── Data excerpts

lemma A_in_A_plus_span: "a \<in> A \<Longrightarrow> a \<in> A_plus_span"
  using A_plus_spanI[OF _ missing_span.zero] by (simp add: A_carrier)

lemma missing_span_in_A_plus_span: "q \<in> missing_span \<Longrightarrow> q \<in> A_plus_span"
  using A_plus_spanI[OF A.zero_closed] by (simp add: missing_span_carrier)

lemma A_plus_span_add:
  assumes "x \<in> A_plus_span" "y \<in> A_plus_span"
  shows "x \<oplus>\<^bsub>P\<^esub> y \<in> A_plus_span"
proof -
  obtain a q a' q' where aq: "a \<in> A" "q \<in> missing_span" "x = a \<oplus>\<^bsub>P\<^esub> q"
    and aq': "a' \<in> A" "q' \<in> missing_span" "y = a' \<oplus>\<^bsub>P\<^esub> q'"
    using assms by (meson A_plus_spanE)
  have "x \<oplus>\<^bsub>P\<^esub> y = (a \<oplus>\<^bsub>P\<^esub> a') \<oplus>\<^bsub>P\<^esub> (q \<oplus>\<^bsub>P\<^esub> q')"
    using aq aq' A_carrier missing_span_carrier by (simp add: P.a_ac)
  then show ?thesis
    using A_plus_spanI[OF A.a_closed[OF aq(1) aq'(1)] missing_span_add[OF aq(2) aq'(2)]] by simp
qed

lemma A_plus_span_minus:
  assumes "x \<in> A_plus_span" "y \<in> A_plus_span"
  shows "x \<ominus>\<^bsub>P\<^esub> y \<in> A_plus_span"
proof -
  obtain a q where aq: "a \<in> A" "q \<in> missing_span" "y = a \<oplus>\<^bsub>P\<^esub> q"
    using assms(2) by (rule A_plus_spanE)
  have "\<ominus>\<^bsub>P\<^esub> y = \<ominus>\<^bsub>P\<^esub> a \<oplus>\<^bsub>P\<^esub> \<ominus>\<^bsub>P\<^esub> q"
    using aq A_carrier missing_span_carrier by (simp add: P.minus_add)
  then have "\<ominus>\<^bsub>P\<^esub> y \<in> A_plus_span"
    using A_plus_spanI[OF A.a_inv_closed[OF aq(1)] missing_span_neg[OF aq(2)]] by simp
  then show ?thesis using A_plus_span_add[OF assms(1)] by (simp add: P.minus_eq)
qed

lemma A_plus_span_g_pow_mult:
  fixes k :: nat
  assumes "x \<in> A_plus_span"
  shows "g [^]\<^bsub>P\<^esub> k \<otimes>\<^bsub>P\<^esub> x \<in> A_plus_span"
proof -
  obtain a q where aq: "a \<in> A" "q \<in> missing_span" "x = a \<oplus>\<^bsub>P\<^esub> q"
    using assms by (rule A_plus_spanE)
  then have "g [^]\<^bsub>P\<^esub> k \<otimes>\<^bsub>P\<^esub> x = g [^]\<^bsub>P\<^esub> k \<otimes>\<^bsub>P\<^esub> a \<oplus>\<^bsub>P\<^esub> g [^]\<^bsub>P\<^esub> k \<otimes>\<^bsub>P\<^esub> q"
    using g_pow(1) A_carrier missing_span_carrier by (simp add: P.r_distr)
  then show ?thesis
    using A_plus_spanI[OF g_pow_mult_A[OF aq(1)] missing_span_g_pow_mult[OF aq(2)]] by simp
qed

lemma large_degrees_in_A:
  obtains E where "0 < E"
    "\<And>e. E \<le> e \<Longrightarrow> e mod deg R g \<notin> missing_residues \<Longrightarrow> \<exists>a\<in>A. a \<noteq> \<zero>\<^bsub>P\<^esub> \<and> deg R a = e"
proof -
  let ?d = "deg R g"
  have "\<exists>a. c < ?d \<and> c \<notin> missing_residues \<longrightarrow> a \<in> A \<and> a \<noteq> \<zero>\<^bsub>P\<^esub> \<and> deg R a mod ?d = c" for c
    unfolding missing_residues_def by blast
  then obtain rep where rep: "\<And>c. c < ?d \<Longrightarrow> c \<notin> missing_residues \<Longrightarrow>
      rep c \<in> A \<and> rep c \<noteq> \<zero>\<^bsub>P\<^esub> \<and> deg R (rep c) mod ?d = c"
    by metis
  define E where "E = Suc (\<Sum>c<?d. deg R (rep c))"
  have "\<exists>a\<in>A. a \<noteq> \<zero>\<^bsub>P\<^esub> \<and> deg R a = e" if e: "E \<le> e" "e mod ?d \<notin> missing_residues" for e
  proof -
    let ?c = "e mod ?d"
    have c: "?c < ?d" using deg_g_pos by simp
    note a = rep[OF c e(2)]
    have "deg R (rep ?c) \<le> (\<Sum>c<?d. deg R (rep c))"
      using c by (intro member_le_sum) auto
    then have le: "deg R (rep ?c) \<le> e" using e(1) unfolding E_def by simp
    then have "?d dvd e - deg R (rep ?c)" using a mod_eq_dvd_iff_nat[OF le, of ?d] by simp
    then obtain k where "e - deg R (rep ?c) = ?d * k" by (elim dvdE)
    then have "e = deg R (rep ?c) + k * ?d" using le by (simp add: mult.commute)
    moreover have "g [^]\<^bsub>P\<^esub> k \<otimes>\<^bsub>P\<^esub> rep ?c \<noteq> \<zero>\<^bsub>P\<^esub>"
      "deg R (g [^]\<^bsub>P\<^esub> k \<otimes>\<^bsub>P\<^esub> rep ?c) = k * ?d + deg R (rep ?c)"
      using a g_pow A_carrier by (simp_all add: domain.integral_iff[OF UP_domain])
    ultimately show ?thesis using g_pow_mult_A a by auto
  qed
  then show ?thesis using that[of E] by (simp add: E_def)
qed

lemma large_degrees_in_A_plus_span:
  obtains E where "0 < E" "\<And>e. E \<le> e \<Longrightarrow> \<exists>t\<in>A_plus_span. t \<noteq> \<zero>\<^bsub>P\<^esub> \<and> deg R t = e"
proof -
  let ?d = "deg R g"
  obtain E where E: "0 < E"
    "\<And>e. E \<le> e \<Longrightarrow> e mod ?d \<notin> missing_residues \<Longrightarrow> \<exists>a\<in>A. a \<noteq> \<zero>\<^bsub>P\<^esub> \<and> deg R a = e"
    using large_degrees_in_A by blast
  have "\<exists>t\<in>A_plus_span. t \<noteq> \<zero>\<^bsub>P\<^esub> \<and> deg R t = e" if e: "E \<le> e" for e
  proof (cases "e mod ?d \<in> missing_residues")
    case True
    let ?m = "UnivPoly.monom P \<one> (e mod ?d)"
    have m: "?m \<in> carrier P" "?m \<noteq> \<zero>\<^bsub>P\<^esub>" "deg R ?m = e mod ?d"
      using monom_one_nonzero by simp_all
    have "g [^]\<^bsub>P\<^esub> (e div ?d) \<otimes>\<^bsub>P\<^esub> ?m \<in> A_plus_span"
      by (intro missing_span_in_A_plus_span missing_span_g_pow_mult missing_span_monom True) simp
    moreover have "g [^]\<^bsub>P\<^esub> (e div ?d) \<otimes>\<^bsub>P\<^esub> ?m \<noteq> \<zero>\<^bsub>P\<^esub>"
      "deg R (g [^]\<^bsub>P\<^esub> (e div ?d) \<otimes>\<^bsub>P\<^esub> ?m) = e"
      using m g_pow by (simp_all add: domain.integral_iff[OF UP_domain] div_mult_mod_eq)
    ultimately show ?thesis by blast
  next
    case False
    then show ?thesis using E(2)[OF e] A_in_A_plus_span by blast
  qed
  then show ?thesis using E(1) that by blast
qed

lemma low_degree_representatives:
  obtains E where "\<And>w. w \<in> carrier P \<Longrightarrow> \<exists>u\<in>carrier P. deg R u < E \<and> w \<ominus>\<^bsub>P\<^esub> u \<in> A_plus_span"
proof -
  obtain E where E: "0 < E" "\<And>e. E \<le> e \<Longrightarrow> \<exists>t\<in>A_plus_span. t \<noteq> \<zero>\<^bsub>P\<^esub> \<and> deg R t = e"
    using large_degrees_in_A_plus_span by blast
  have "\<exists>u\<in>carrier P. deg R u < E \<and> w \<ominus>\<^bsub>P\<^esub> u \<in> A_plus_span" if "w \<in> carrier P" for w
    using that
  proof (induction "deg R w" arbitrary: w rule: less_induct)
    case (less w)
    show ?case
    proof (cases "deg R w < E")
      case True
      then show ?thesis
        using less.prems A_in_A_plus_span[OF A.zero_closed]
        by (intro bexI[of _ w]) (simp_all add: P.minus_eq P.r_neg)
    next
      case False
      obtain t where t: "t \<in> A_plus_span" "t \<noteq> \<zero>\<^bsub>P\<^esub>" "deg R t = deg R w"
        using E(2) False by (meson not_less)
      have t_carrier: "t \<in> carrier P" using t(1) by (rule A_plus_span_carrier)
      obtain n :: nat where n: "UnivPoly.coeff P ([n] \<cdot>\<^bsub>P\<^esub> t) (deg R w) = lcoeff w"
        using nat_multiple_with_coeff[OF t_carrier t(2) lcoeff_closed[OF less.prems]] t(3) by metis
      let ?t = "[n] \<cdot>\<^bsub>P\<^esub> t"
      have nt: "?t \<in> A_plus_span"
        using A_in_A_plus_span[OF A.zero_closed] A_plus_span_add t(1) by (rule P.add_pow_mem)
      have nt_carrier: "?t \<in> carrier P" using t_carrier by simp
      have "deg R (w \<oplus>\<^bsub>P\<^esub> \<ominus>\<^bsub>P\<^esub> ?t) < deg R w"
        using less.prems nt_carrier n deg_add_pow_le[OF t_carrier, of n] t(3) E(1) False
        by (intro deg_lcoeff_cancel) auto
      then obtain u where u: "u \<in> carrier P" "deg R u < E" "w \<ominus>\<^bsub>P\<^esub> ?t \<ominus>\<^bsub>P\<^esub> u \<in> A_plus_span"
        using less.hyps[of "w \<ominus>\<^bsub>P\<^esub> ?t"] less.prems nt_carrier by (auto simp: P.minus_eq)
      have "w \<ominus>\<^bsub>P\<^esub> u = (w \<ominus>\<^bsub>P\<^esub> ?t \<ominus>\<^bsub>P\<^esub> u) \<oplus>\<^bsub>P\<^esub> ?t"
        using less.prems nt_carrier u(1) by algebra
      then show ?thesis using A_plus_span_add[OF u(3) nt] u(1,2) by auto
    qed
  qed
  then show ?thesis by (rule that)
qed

────

• [Work item] Find each line above that contains "meson", and copy those lines.

• [Task answer]
    using assms by (meson A_plus_spanE)
        using E(2) False by (meson not_less)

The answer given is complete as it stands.